lemma fluid_solution_extension:
  assumes sol: "fluid_solution rho m P {r. r0 < r \<and> r < a}" and "r0 < a"
    and lim_m: "(m \<longlongrightarrow> M) (at_left a)" and lim_P: "(P \<longlongrightarrow> L) (at_left a)" and "0 < L"
  obtains b m' P' where "a < b" "fluid_solution rho m' P' {r. r0 < r \<and> r < b}"
    and "\<And>r. r < a \<Longrightarrow> m' r = m r \<and> P' r = P r"
proof -
  have "(r0 + a) / 2 \<in> {r. r0 < r \<and> r < a}" using \<open>r0 < a\<close> by simp
  then have "0 < (r0 + a) / 2" using sol unfolding fluid_solution_def by blast
  then have "0 < a" using \<open>r0 < a\<close> by simp
  obtain h u v where "0 < h" "u a = M" "v a = L"
    and "continuous_on {a..a+h} u" "continuous_on {a..a+h} v"
    and sol_right: "fluid_solution rho u v {a<..<a+h}"
    using fluid_solution_local_existence[OF \<open>0 < a\<close> \<open>0 < L\<close>] by blast
  have "continuous (at_right a) u" "continuous (at_right a) v"
    using continuous_on_Icc_at_rightD[OF \<open>continuous_on {a..a+h} u\<close>]
      continuous_on_Icc_at_rightD[OF \<open>continuous_on {a..a+h} v\<close>] \<open>0 < h\<close>
    by (simp_all add: continuous_within)
  then have "fluid_solution rho (\<lambda>x. if x < a then m x else u x) (\<lambda>x. if x < a then P x else v x)
      {r. r0 < r \<and> r < a + h}"
    using sol sol_right \<open>r0 < a\<close> \<open>0 < h\<close> \<open>0 < a\<close> \<open>0 < L\<close> \<open>u a = M\<close> \<open>v a = L\<close> lim_m lim_P
    by (intro fluid_solution_glue) auto
  then show ?thesis using that[of "a + h"] \<open>0 < h\<close> by simp
qed

end

section \<open>Solutions with positive mass\<close>

lemma fluid_solution_subset:
  "fluid_solution rho m P I \<Longrightarrow> J \<subseteq> I \<Longrightarrow> fluid_solution rho m P J"
  by (auto simp: fluid_solution_def)

locale positive_mass_solution = asympt_polytropic_eos +
  fixes m P :: "real \<Rightarrow> real" and r1 :: real and R :: ereal
  assumes solution: "fluid_solution rho m P {r. r1 \<le> r \<and> ereal r < R}"
    and r1_below: "ereal r1 < R"
    and initial_mass_pos: "m r1 > 0"
begin

lemma
  assumes "r1 \<le> r" "ereal r < R"
  shows radius_pos: "r > 0"
    and pressure_pos: "P r > 0"
    and mass_has_derivative: "(m has_real_derivative 4 * pi * r\<^sup>2 * rho (P r)) (at r)"
    and pressure_has_derivative: "(P has_real_derivative - (m r * rho (P r) / r\<^sup>2)) (at r)"
  using solution assms by (auto simp: fluid_solution_def)

lemma r1_pos: "r1 > 0"
  using radius_pos[of r1] r1_below by simp

lemma density_pos: "r1 \<le> r \<Longrightarrow> ereal r < R \<Longrightarrow> rho (P r) > 0"
  by (rule rho_pos[OF pressure_pos])

lemma below_R_if_le: "s \<le> t \<Longrightarrow> ereal t < R \<Longrightarrow> ereal s < R"
  using order.strict_trans1[of "ereal s" "ereal t" R] by simp

lemma mass_mono:
  assumes "r1 \<le> s" "s \<le> t" "ereal t < R"
  shows "m s \<le> m t"
proof (rule mono_by_derivative[OF \<open>s \<le> t\<close>])
  fix x assume "s \<le> x" "x \<le> t"
  then have x: "r1 \<le> x" "ereal x < R" using assms below_R_if_le[of x t] by auto
  show "(m has_real_derivative 4 * pi * x\<^sup>2 * rho (P x)) (at x)" using mass_has_derivative[OF x] .
  show "0 \<le> 4 * pi * x\<^sup>2 * rho (P x)" using density_pos[OF x] by simp
qed

lemma mass_pos: "r1 \<le> r \<Longrightarrow> ereal r < R \<Longrightarrow> m r > 0"
  using mass_mono[of r1 r] initial_mass_pos by simp

lemma pressure_antimono:
  assumes "r1 \<le> s" "s \<le> t" "ereal t < R"
  shows "P t \<le> P s"
proof (rule antimono_by_derivative[OF \<open>s \<le> t\<close>])
  fix x assume "s \<le> x" "x \<le> t"
  then have x: "r1 \<le> x" "ereal x < R" using assms below_R_if_le[of x t] by auto
  show "(P has_real_derivative - (m x * rho (P x) / x\<^sup>2)) (at x)" using pressure_has_derivative[OF x] .
  show "- (m x * rho (P x) / x\<^sup>2) \<le> 0" using density_pos[OF x] mass_pos[OF x] by simp
qed

lemma eta_pressure_has_derivative:
  assumes "r1 \<le> r" "ereal r < R"
  shows "((\<lambda>r. eta (P r)) has_real_derivative - (m r / r\<^sup>2)) (at r)"
proof -
  have "((\<lambda>r. eta (P r)) has_real_derivative (1 / rho (P r)) * - (m r * rho (P r) / r\<^sup>2)) (at r)"
    using assms by (intro DERIV_chain2[OF eta_has_derivative pressure_has_derivative] pressure_pos)
  then show ?thesis using density_pos[OF assms] by simp
qed
(* Let $(P_t)_{t\ge0}$ be a transition semigroup on a Polish space $\mathcal X$ (Feller and stochastically continuous). For all $k\ge1$ and $t_1,\dots,t_k>0$, \[\limsup_{T\to\infty}\sup_{\mu\in\mathcal M_1}\|Q^{T,t_k,\dots,t_1}\mu-Q^T\mu\|_{\mathrm{TV}}=0.\]
   Context: $\mathcal M_1$ is the set of Borel probability measures on $\mathcal X$, $P_t^*\mu(B)=\int P_t\mathbf 1_B\,d\mu$, $Q^T\mu:=T^{-1}\int_0^TP_s^*\mu\,ds$ for $T>0$, and $Q^{t_k,\dots,t_1}\mu:=Q^{t_k}\cdots Q^{t_1}\mu$, so $Q^{T,t_k,\dots,t_1}\mu=Q^TQ^{t_k}\cdots Q^{t_1}\mu$. $\|\cdot\|_{\mathrm{TV}}$ is the total variation norm. *)

theory Defs
  imports "HOL-Probability.Probability"
begin

text \<open>A transition semigroup on a Polish space, given by its transition
probability kernels K t x = P_t(x, .), with P_t f x = integral of f w.r.t. K t x.\<close>

definition transition_semigroup :: "(real \<Rightarrow> 'a::polish_space \<Rightarrow> 'a measure) \<Rightarrow> bool" where
  "transition_semigroup K \<longleftrightarrow>
     (\<forall>t\<ge>0. K t \<in> borel \<rightarrow>\<^sub>M prob_algebra borel) \<and>
     (\<forall>x. K 0 x = return borel x) \<and>
     (\<forall>s\<ge>0. \<forall>t\<ge>0. \<forall>x. K (s + t) x = K s x \<bind> K t)"

definition feller :: "(real \<Rightarrow> 'a::polish_space \<Rightarrow> 'a measure) \<Rightarrow> bool" where
  "feller K \<longleftrightarrow> (\<forall>t\<ge>0. \<forall>f::'a \<Rightarrow> real. continuous_on UNIV f \<and> bounded (range f) \<longrightarrow>
      continuous_on UNIV (\<lambda>x. \<integral>y. f y \<partial>(K t x)))"

definition stoch_continuous :: "(real \<Rightarrow> 'a::polish_space \<Rightarrow> 'a measure) \<Rightarrow> bool" where
  "stoch_continuous K \<longleftrightarrow> (\<forall>f::'a \<Rightarrow> real. \<forall>x. continuous_on UNIV f \<and> bounded (range f) \<longrightarrow>
      ((\<lambda>t. \<integral>y. f y \<partial>(K t x)) \<longlongrightarrow> f x) (at_right 0))"

definition M1 :: "'a::topological_space measure set" where
  "M1 = {\<mu>. prob_space \<mu> \<and> sets \<mu> = sets borel}"

definition Pstar :: "(real \<Rightarrow> 'a::polish_space \<Rightarrow> 'a measure) \<Rightarrow> real \<Rightarrow> 'a measure \<Rightarrow> 'a measure" where
  "Pstar K t \<mu> = \<mu> \<bind> K t"

definition Qavg :: "(real \<Rightarrow> 'a::polish_space \<Rightarrow> 'a measure) \<Rightarrow> real \<Rightarrow> 'a measure \<Rightarrow> 'a measure" where
  "Qavg K T \<mu> = measure_of (space borel) (sets borel)
     (\<lambda>B. ennreal (1 / T) * (\<integral>\<^sup>+ s\<in>{0..T}. emeasure (Pstar K s \<mu>) B \<partial>lborel))"

text \<open>Q^{t_k,...,t_1} mu = Q^{t_k} ... Q^{t_1} mu, with ts = [t_1, ..., t_k] (t_1 applied first).\<close>
definition Qiter :: "(real \<Rightarrow> 'a::polish_space \<Rightarrow> 'a measure) \<Rightarrow> real list \<Rightarrow> 'a measure \<Rightarrow> 'a measure" where
  "Qiter K ts \<mu> = foldl (\<lambda>\<nu> t. Qavg K t \<nu>) \<mu> ts"

text \<open>Total variation norm of the signed measure mu - nu (probability measures):
  |mu - nu|(X) = 2 sup_B |mu B - nu B|.\<close>
definition tv_norm :: "'a::topological_space measure \<Rightarrow> 'a measure \<Rightarrow> real" where
  "tv_norm \<mu> \<nu> = 2 * (SUP B\<in>sets borel. \<bar>measure \<mu> B - measure \<nu> B\<bar>)"

end

theory Submission
  imports Defs
begin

**********

• Task prompt: Taking the records above, retype every line from the one with "r \<and> r < a +" down to the one with "by (intro fluid_solution_glue) auto", exactly and with nothing else.

• Answer section:
      {r. r0 < r \<and> r < a + h}"
    using sol sol_right \<open>r0 < a\<close> \<open>0 < h\<close> \<open>0 < a\<close> \<open>0 < L\<close> \<open>u a = M\<close> \<open>v a = L\<close> lim_m lim_P
    by (intro fluid_solution_glue) auto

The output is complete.